• [Given data]:
====================

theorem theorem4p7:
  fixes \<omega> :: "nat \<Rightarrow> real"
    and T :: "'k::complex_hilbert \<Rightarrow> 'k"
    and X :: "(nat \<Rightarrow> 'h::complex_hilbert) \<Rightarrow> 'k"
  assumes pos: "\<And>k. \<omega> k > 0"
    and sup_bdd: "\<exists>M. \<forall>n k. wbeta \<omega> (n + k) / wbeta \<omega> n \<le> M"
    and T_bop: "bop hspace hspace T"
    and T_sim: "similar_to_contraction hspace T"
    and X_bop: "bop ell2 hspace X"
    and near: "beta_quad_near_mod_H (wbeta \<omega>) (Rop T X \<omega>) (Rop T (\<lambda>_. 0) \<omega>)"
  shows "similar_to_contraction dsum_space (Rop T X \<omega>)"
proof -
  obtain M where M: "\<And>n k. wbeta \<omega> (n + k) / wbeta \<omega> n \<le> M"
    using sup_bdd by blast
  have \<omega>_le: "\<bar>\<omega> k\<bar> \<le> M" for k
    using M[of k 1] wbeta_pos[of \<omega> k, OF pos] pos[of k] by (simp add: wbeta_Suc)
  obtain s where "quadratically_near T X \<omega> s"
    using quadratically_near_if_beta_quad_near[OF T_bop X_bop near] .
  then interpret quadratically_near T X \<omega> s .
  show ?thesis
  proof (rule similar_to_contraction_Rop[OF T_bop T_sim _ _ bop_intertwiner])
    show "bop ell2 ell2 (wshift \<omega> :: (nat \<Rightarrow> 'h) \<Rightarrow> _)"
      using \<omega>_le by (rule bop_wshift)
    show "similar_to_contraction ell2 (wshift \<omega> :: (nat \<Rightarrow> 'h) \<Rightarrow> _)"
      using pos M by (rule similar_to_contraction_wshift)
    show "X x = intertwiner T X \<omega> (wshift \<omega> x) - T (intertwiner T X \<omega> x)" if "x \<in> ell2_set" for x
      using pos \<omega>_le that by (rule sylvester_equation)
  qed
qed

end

====================

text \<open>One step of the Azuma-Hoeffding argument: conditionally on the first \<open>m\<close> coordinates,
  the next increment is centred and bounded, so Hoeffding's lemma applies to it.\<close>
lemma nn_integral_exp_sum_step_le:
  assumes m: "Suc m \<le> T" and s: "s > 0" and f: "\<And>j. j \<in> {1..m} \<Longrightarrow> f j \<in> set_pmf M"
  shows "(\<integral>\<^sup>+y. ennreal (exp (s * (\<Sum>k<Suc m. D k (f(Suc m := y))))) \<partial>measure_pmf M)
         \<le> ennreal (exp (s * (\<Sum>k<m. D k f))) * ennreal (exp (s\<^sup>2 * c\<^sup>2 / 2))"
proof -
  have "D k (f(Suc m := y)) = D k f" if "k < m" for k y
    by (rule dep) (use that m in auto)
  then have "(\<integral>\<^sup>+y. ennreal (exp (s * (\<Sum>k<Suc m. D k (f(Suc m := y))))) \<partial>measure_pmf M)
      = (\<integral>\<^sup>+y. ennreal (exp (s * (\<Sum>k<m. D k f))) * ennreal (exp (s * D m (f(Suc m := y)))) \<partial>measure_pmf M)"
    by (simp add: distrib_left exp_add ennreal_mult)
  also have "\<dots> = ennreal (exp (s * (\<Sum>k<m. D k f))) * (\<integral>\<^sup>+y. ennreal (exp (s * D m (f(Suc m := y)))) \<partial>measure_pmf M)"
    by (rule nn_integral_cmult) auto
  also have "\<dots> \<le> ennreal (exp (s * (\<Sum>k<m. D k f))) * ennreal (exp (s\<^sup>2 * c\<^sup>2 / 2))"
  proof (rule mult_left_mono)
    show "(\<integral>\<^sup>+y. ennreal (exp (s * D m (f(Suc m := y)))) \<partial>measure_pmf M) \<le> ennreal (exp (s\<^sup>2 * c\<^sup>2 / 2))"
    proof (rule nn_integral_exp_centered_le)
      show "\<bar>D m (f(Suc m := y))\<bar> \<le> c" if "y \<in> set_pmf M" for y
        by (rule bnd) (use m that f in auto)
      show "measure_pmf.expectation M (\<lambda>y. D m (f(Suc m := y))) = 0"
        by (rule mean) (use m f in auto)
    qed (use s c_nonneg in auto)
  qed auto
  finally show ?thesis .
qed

====================

• [What the task requires]:
Where a line in the listing above includes the string "shows", copy that line.

• [Your response]:
  shows "similar_to_contraction dsum_space (Rop T X \<omega>)"
  shows "(\<integral>\<^sup>+y. ennreal (exp (s * (\<Sum>k<Suc m. D k (f(Suc m := y))))) \<partial>measure_pmf M)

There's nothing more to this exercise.